You should get an accuracy of 93.9%.

## Exercise: Make a prediction

With the model trained, you can use it to predict the sentiment of other reviews. The below review is for a tea house in San Franciso. Use your model to predict if the sentiment of the review is positive or negative. 

In [None]:
review="""I absolutely love this place. The 360 degree glass windows with the Yerba buena garden view, tea pots all around and the smell of fresh tea everywhere transports you to what feels like a different zen zone within the city. I know the price is slightly more compared to the normal American size, however the food is very wholesome, the tea selection is incredible and I know service can be hit or miss often but it was on point during our most recent visit. Definitely recommend!

I would recommend the butternut squash gyoza and ideally the tea sets as I feel like it is better value!"""

In [None]:
vector = ____
sentiment = ____
q_3.check()

In [None]:
# Uncomment if you need some guidance
# q_3.hint()
# q_3.solution()

In [None]:
#%%RM_IF(PROD)%%
vector = nlp(review).vector.reshape((1, -1))
sentiment = model.predict(vector)[0]
q_3.assert_check_passed()

In [None]:
print(f"Sentiment = {'Positive' if sentiment else 'Negative'}")

# Document Similarity

For the same tea house review, find the most similar review in the dataset using the cosine similarity.

## Exercise: Centering the Vectors

Sometimes you'll get better results when measuring similarities if you center the document vectors.
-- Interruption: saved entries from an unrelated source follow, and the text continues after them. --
(* Consider the network model with social-oblivious mobility and interest-based routing IB$(\gamma)$ described in the context, with $\gamma=\frac{0.29}{m-1}$, and let $T^{so}_{IB(\gamma)}$ be the time at which the message is first delivered to $D$. Then $\mathbb{E}[T^{so}_{IB(\gamma)}]=\frac{1}{2\lambda}(1+o(1))$ as $n\to\infty$.
   Context: Network: fix an integer $m\ge 2$ independent of $n$. There are $n+2$ nodes: a source $S$, a destination $D$ and relays $R_1,\dots,R_n$. Each node $X$ has an interest profile, a unit vector in the closed positive orthant of the unit sphere of $\mathbb{R}^m$; $\cos\angle(X,Y)=\langle X,Y\rangle$. $S=(1,0,\dots,0)$, $D=(0,1,0,\dots,0)$. Relay profiles are i.i.d.: $\angle(S,R_i)$ is uniform on $[0,\pi/2]$, and given this angle $R_i$ is uniform among unit vectors of the positive orthant making that angle with $S$. Profiles are fixed in time. For each unordered pair $\{A,B\}$ the meeting instants form a Poisson process of rate $\lambda_{AB}$, independently over pairs, from time $0$. Social-oblivious mobility: $\lambda_{AB}=\lambda$ for all pairs, a fixed constant $\lambda>0$. IB$(\gamma)$ routing: $S$ holds two copies and always keeps one. If $S$ meets $D$ before handing over the second copy, the message is delivered then. Otherwise the second copy is given to the first relay $R$ met by $S$ with $\cos\angle(R,D)\ge\gamma$; if no such relay has been met by time $n$, it is given to the first relay met by $S$ after time $n$. Afterwards no further copies are created or transferred, and the message is delivered when the first of $S$ and that relay meets $D$. Expectations are over the profiles and the meeting processes. *)

theory Defs
  imports "HOL-Probability.Probability"
begin

datatype node = Src | Dst | Rel nat

definition nodes :: "nat \<Rightarrow> node set" where
  "nodes n = {Src, Dst} \<union> Rel ` {..<n}"

definition node_pairs :: "nat \<Rightarrow> node set set" where
  "node_pairs n = {e. e \<subseteq> nodes n \<and> card e = 2}"

text \<open>Interest profiles live in R x R^(m-1) = R^m (first coordinate = direction of S),
  with m - 1 = CARD('k).  S = (1,0), D = (0, e_j1).\<close>
definition S_prof :: "real \<times> (real ^ 'k)" where
  "S_prof = (1, 0)"

definition D_prof :: "'k \<Rightarrow> real \<times> (real ^ 'k)" where
  "D_prof j1 = (0, axis j1 1)"

definition pos_ball :: "(real ^ 'k) set" where
  "pos_ball = {w. (\<forall>j. 0 \<le> w $ j) \<and> norm w \<le> 1}"

text \<open>Uniform (normalised surface) measure on the positive orthant of the unit sphere of R^(m-1),
  as the normalised cone measure: image of the uniform measure on the positive orthant of the ball
  under radial projection.\<close>
definition unif_pos_sphere :: "(real ^ 'k) measure" where
  "unif_pos_sphere = distr (uniform_measure lborel pos_ball) borel (\<lambda>w. w /\<^sub>R norm w)"

text \<open>Relay profile law: angle theta with S uniform on [0, pi/2], and given theta the profile is
  uniform among unit vectors of the positive orthant at angle theta from S, i.e.
  (cos theta, sin theta * u) with u uniform on the positive orthant of the unit sphere of R^(m-1).\<close>
definition profile_distr :: "(real \<times> (real ^ 'k)) measure" where
  "profile_distr =
     distr (uniform_measure lborel {0..pi/2} \<Otimes>\<^sub>M unif_pos_sphere) borel
       (\<lambda>(\<theta>, u). (cos \<theta>, sin \<theta> *\<^sub>R u))"

text \<open>Meeting instants of a Poisson process given by its inter-meeting times.\<close>
definition meet_times :: "(nat \<Rightarrow> real) \<Rightarrow> real set" where
  "meet_times X = range (\<lambda>k. \<Sum>j\<le>k. X j)"

definition deliv_time ::
  "nat \<Rightarrow> real \<Rightarrow> (nat \<Rightarrow> real \<times> (real ^ 'k)) \<Rightarrow> real \<times> (real ^ 'k)
     \<Rightarrow> (node set \<Rightarrow> real set) \<Rightarrow> real" where
  "deliv_time n \<gamma> P d MT =
     (let tSD = Inf (MT {Src, Dst});
          H1 = {(i, t). i < n \<and> \<gamma> \<le> P i \<bullet> d \<and> t \<in> MT {Src, Rel i} \<and> t \<le> real n};
          H2 = {(i, t). i < n \<and> t \<in> MT {Src, Rel i} \<and> real n < t};
          H = (if H1 \<noteq> {} then H1 else H2);
          h = Inf (snd ` H);
          r = (SOME i. (i, h) \<in> H)
      in min tSD (Inf {t \<in> MT {Rel r, Dst}. h \<le> t}))"

definition rv_events :: "'w measure \<Rightarrow> 'a measure \<Rightarrow> ('w \<Rightarrow> 'a) \<Rightarrow> 'w set set" where
  "rv_events M N X = {X -` A \<inter> space M | A. A \<in> sets N}"

end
This means you subtract the mean of the vectors from each vectors, so the new mean is 0. Why do you think this could help with similarity metrics?
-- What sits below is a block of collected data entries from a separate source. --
(* Let $n$ be an odd prime and let $k_1,k_2\in\mathbb{Z}$ be such that $\sin\big(\frac{k_2\pi}{n}\big)\neq0$. Then $$\frac{\sin\big(\frac{k_1\pi}{n}\big)}{\sin\big(\frac{k_2\pi}{n}\big)}$$ is either $-1$, $0$, $1$, or irrational. *)

theory Defs
  imports "HOL-Analysis.Analysis"
begin

end

(* Suppose x = sin(k1 pi/n) / sin(k2 pi/n) is rational. With sin^2 t = (1 - cos 2t)/2 and
   2 cos(2 a pi/n) = w^a + w^(n-a) for w = cis(2 pi/n), the identity
   sin^2(k1 pi/n) = x^2 sin^2(k2 pi/n) becomes a rational linear relation among 1, w, ..., w^(n-1).
   Since 1 + X + ... + X^(n-1) is irreducible over Q (Eisenstein at n after X := X + 1, then Gauss's
   lemma), all coefficients of such a relation coincide. Unless the two cosines are equal (x = +-1)
   or the first sine vanishes (x = 0), comparing the coefficients of w^a and w^b gives x^2 = -1. *)
theory Submission
  imports Defs "Berlekamp_Zassenhaus.Factor_Bound"
begin

(* The AFP import brings HOL-Algebra's univariate polynomials, whose constants shadow these names. *)
hide_const (open) up_ring.coeff up_ring.monom

lemma eisenstein_factor_degree_ge:
  fixes F G H :: "'a :: idom poly"
  assumes q: "prime_elem q" and FGH: "F = G * H"
    and G0: "q dvd coeff G 0" and H0: "\<not> q dvd coeff H 0"
    and lead_G: "\<not> q dvd lead_coeff G"
    and low: "\<forall>k < degree F. q dvd coeff F k"
  shows "degree F \<le> degree G"
proof (rule ccontr)
  assume "\<not> degree F \<le> degree G"
  define i where "i = (LEAST i. \<not> q dvd coeff G i)"
  have "\<not> q dvd coeff G (degree G)" using lead_G by simp
  then have i_ndvd: "\<not> q dvd coeff G i" and "i \<le> degree G"
    unfolding i_def by (rule LeastI, rule Least_le)
  then have F_i: "q dvd coeff F i" using low \<open>\<not> degree F \<le> degree G\<close> by simp
  have below: "q dvd (\<Sum>j<i. coeff G j * coeff H (i - j))"
    by (intro dvd_sum dvd_mult2) (use not_less_Least i_def in blast)
  have "coeff F i = (\<Sum>j<i. coeff G j * coeff H (i - j)) + coeff G i * coeff H 0"
    unfolding FGH coeff_mult by (simp add: lessThan_Suc_atMost[symmetric])
  then have "q dvd coeff G i * coeff H 0" using F_i below by (metis dvd_add_right_iff)
  then show False using q i_ndvd H0 by (simp add: prime_elem_dvd_mult_iff)
qed

lemma eisenstein_criterion:
  fixes F G H :: "'a :: idom poly"
  assumes q: "prime_elem q" and FGH: "F = G * H"
    and lead: "\<not> q dvd lead_coeff F"
    and low: "\<forall>k < degree F. q dvd coeff F k"
    and const: "\<not> q^2 dvd coeff F 0"
  shows "degree G = 0 \<or> degree H = 0"
proof (rule ccontr)
  assume "\<not> (degree G = 0 \<or> degree H = 0)"
  then have deg_F: "degree F = degree G + degree H" "degree G > 0" "degree H > 0"
    using FGH by (auto intro: degree_mult_eq)
  have "lead_coeff F = lead_coeff G * lead_coeff H" by (simp add: FGH lead_coeff_mult)
  then have lead_G: "\<not> q dvd lead_coeff G" and lead_H: "\<not> q dvd lead_coeff H"
    using lead by auto
  have F0: "coeff F 0 = coeff G 0 * coeff H 0" by (simp add: FGH coeff_mult_0)
  have "q dvd coeff F 0" using low deg_F by auto
  then consider "q dvd coeff G 0" "\<not> q dvd coeff H 0" | "q dvd coeff H 0" "\<not> q dvd coeff G 0"
    using q const F0 by (metis mult_dvd_mono power2_eq_square prime_elem_dvd_mult_iff)
  then show False
  proof cases
    case 1
    then show False using eisenstein_factor_degree_ge[OF q FGH _ _ lead_G low] deg_F by simp
  next
    case 2
    then show False using eisenstein_factor_degree_ge[OF q _ _ _ lead_H low, of G] FGH deg_F
      by (simp add: mult.commute)
  qed
qed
Uncomment the following line after you've decided your answer.

In [None]:
#q_4.solution()

## Exercise: Find the most similar review

Given the review above, find the most similar document within the Yelp dataset using the cosine similarity.

In [None]:
def cosine_similarity(a, b):
    return np.dot(a, b)/np.sqrt(a.dot(a)*b.dot(b))

In [None]:
review_vec = nlp(review).vector

## Center the document vectors
# Calculate the mean for the document vectors, should have shape (300,)
vec_mean = ____
# Subtract the mean from the vectors
centered = ____

# Calculate similarities for each document in the dataset
# Make sure to subtract the mean from the review vector
sims = ____

# Get the index for the most similar document
most_similar = ____
q_5.check()

In [None]:
# Uncomment if you need some guidance
# q_5.hint()
# q_5.solution()

In [None]:
#%%RM_IF(PROD)%%
review_vec = nlp(review).vector

## Center the document vectors
# Calculate the mean for the document vectors
vec_mean = vectors.mean(axis=0)
# Subtract the mean from the vectors
centered = vectors - vec_mean

# Calculate similarities for each document in the dataset
# Make sure to subtract the mean from the review vector
sims = np.array([cosine_similarity(review_vec - vec_mean, vec) for vec in centered])
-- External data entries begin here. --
text \<open>
  Since \<open>s\<close> is eventually increasing, \<open>F \<circ> T \<le> F\<close>, so for \<open>0 < a < b\<close> the set \<open>U = {F > a}\<close>
  is forward invariant up to a null set. Two-jumpiness gives \<open>P\<close> with \<open>s\<^sub>n \<ge> (b/a) s\<^sub>k\<close>
  whenever \<open>n \<ge> P k\<close>. If \<open>a < F x < b\<close> then \<open>s\<^sub>n f(T\<^sup>n x) < b\<close> for some large \<open>n\<close>, and then no
  orbit point \<open>T\<^sup>i x\<close> with \<open>N \<le> n - i \<le> n / P\<close> can satisfy \<open>s\<^sub>k f(T\<^sup>k (T\<^sup>i x)) \<ge> a\<close> for all
  \<open>k \<ge> N\<close>. Hence a proportion \<open>1/(2P)\<close> of the first \<open>n\<close> orbit points lies in the set \<open>D\<^sub>N\<close> of
  points of \<open>U\<close> violating this, and a maximal inequality bounds \<open>\<mu>{a < F < b}\<close> by
  \<open>2P \<mu>(D\<^sub>N)\<close>, which tends to \<open>0\<close> as \<open>N \<rightarrow> \<infinity>\<close>. Countably many intervals \<open>(a, b)\<close> exhaust
  \<open>(0, \<infinity>)\<close>.
\<close>

lemma card_dense_block_starts_le_sum:
  fixes d :: "nat \<Rightarrow> real" and \<theta> :: real and L :: nat
  assumes d_nonneg: "\<And>t. 0 \<le> d t" and \<theta>: "0 \<le> \<theta>"
  defines "e \<equiv> \<lambda>t. \<exists>b\<in>{1..L}. \<theta> * b \<le> (\<Sum>i\<in>{t..<t+b}. d i)"
  shows "\<theta> * card {t\<in>{s..<J}. e t} \<le> (\<Sum>i\<in>{s..<J+L}. d i)"
proof (induction "J - s" arbitrary: s rule: less_induct)
  case less
  show ?case
  proof (cases "s < J")
    case False
    then have "{t\<in>{s..<J}. e t} = {}" by auto
    then show ?thesis by (simp only: card.empty) (simp add: d_nonneg sum_nonneg)
  next
    case sJ: True
    show ?thesis
    proof (cases "e s")
      case False
      then have "{t\<in>{s..<J}. e t} = {t\<in>{Suc s..<J}. e t}"
        using le_eq_less_or_eq by (auto simp: Suc_le_eq)
      moreover have "\<theta> * card {t\<in>{Suc s..<J}. e t} \<le> (\<Sum>i\<in>{Suc s..<J+L}. d i)"
        using less sJ by auto
      moreover have "(\<Sum>i\<in>{Suc s..<J+L}. d i) \<le> (\<Sum>i\<in>{s..<J+L}. d i)"
        by (rule sum_mono2) (auto simp: d_nonneg)
      ultimately show ?thesis by simp
    next
      case True
      \<comment> \<open>Greedy covering: the dense block starting at \<open>s\<close> pays for every start inside it.\<close>
      then obtain b where b: "b \<in> {1..L}" "\<theta> * b \<le> (\<Sum>i\<in>{s..<s+b}. d i)"
        unfolding e_def by blast
      have IH: "\<theta> * card {t\<in>{s+b..<J}. e t} \<le> (\<Sum>i\<in>{s+b..<J+L}. d i)"
        using less sJ b by auto
      have "card {t\<in>{s..<J}. e t} \<le> card ({s..<s+b} \<union> {t\<in>{s+b..<J}. e t})"
        by (rule card_mono) auto
      also have "\<dots> \<le> b + card {t\<in>{s+b..<J}. e t}"
        using card_Un_le[of "{s..<s+b}"] by simp
      finally have "\<theta> * card {t\<in>{s..<J}. e t} \<le> \<theta> * (b + card {t\<in>{s+b..<J}. e t})"
        using \<theta> by (intro mult_left_mono) (simp_all only: of_nat_add [symmetric] of_nat_le_iff)
      also have "\<dots> \<le> (\<Sum>i\<in>{s..<s+b}. d i) + (\<Sum>i\<in>{s+b..<J+L}. d i)"
        using IH b(2) by (simp add: distrib_left)
      also have "\<dots> = (\<Sum>i\<in>{s..<J+L}. d i)"
        using b sJ by (intro sum.atLeastLessThan_concat) auto
      finally show ?thesis .
    qed
  qed
qed

lemma ennreal_le_scaled_mult:
  fixes a b u v :: real and c :: ennreal
  assumes "b / a * u \<le> v" "0 \<le> u" "0 < a" "a < b"
    and "ennreal a \<le> ennreal u * c"
  shows "ennreal b \<le> ennreal v * c"
proof -
  have "ennreal b = ennreal (b / a) * ennreal a"
    using assms(3,4) by (simp flip: ennreal_mult)
  also have "\<dots> \<le> ennreal (b / a) * (ennreal u * c)"
    using assms(5) by (rule mult_left_mono) simp
  also have "\<dots> = ennreal (b / a * u) * c"
    using assms(2-4) by (subst ennreal_mult) (auto simp: mult.assoc)
  also have "\<dots> \<le> ennreal v * c"
    using assms(1) by (intro mult_right_mono ennreal_leI) auto
  finally show ?thesis .
qed

lemma card_late_failures_ge:
  fixes s :: "nat \<Rightarrow> real" and h :: "nat \<Rightarrow> ennreal" and P N n :: nat
  assumes dominates: "\<And>k m. N \<le> k \<Longrightarrow> P * k \<le> m \<Longrightarrow> b / a * s k \<le> s m"
    and s_nonneg: "\<And>k. N \<le> k \<Longrightarrow> 0 \<le> s k"
    and ab: "0 < a" "a < b" and PN: "1 \<le> P" "1 \<le> N" "2 * P * N \<le> n"
    and small: "ennreal (s n) * h n < ennreal b"
  shows "real n / (2 * P) \<le> card {i\<in>{..<n}. \<exists>k\<ge>N. ennreal (s k) * h (i + k) < ennreal a}"
proof -
  define q where "q = n div P"
  have "2 * N \<le> q"
    using PN by (simp add: q_def less_eq_div_iff_mult_less_eq mult.commute mult.left_commute)
  have "P * q \<le> n" "n < P * (q + 1)"
    using PN(1) mod_less_divisor[of P n] mult_div_mod_eq[of P n]
    unfolding q_def distrib_left by linarith+
  have "q \<le> n" unfolding q_def by simp
  have "{n - q..n - N} \<subseteq> {i\<in>{..<n}. \<exists>k\<ge>N. ennreal (s k) * h (i + k) < ennreal a}"
  proof safe
    fix i assume i: "i \<in> {n - q..n - N}"
    have "N \<le> n" using \<open>2 * N \<le> q\<close> \<open>q \<le> n\<close> by linarith
    with i PN(2) show "i < n" by auto
    from i \<open>N \<le> n\<close> \<open>q \<le> n\<close> have "n - i \<le> q" "N \<le> n - i" "i + (n - i) = n"
      by auto
    then have k: "N \<le> n - i" "P * (n - i) \<le> n" "i + (n - i) = n"
      using \<open>P * q \<le> n\<close> by (auto intro: le_trans[OF mult_le_mono2])
    have "\<not> ennreal a \<le> ennreal (s (n - i)) * h n"
      using ennreal_le_scaled_mult[where c = "h n", OF dominates[OF k(1,2)] s_nonneg[OF k(1)] ab] small
      by (meson leD)
    then have "ennreal (s (n - i)) * h (i + (n - i)) < ennreal a"
      using k(3) by (simp add: not_le)
    with k(1) show "\<exists>k\<ge>N. ennreal (s k) * h (i + k) < ennreal a" by blast
  qed
  then have "card {n - q..n - N} \<le> card {i\<in>{..<n}. \<exists>k\<ge>N. ennreal (s k) * h (i + k) < ennreal a}"
    by (intro card_mono) auto
  moreover have "card {n - q..n - N} = q - N + 1"
    using \<open>2 * N \<le> q\<close> \<open>q \<le> n\<close> by simp
  moreover have "real n / (2 * P) \<le> real (q - N + 1)"
  proof -
    have "real n < real P * (real q + 1)"
      using \<open>n < P * (q + 1)\<close> by (metis of_nat_1 of_nat_add of_nat_less_iff of_nat_mult)
    then have "real n / (2 * P) < (real q + 1) / 2"
      using PN(1) by (simp add: field_simps)
    also have "\<dots> \<le> real (q - N + 1)"
      using \<open>2 * N \<le> q\<close> by (simp add: of_nat_diff)
    finally show ?thesis by simp
  qed
  ultimately show ?thesis by linarith
qed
# Get the index for the most similar document
most_similar = sims.argmax()
q_5.assert_check_passed()

In [None]:
print(review_data.iloc[most_similar].text)

Even though there are many different sorts of businesses in our Yelp dataset, you should have found another tea shop. 

## Exercise: Other similar reviews

If you look at other similar reviews, you'll see many coffee shops. Why do you think reviews for coffee are similar to the example review which mentions only tea?

In [None]:
#q_6.solution()

Congratulations on finishing this course! At this point you know how to get embeddings for each word in the documents, but you're only using the averaged document vectors with these models. Using the word vectors themselves might result in even better performing models. To do this you'll want to use a recurrent neural network (RNN for short). We won't cover RNNs in this course, but look them up if you want to learn about state-of-the-art NLP models.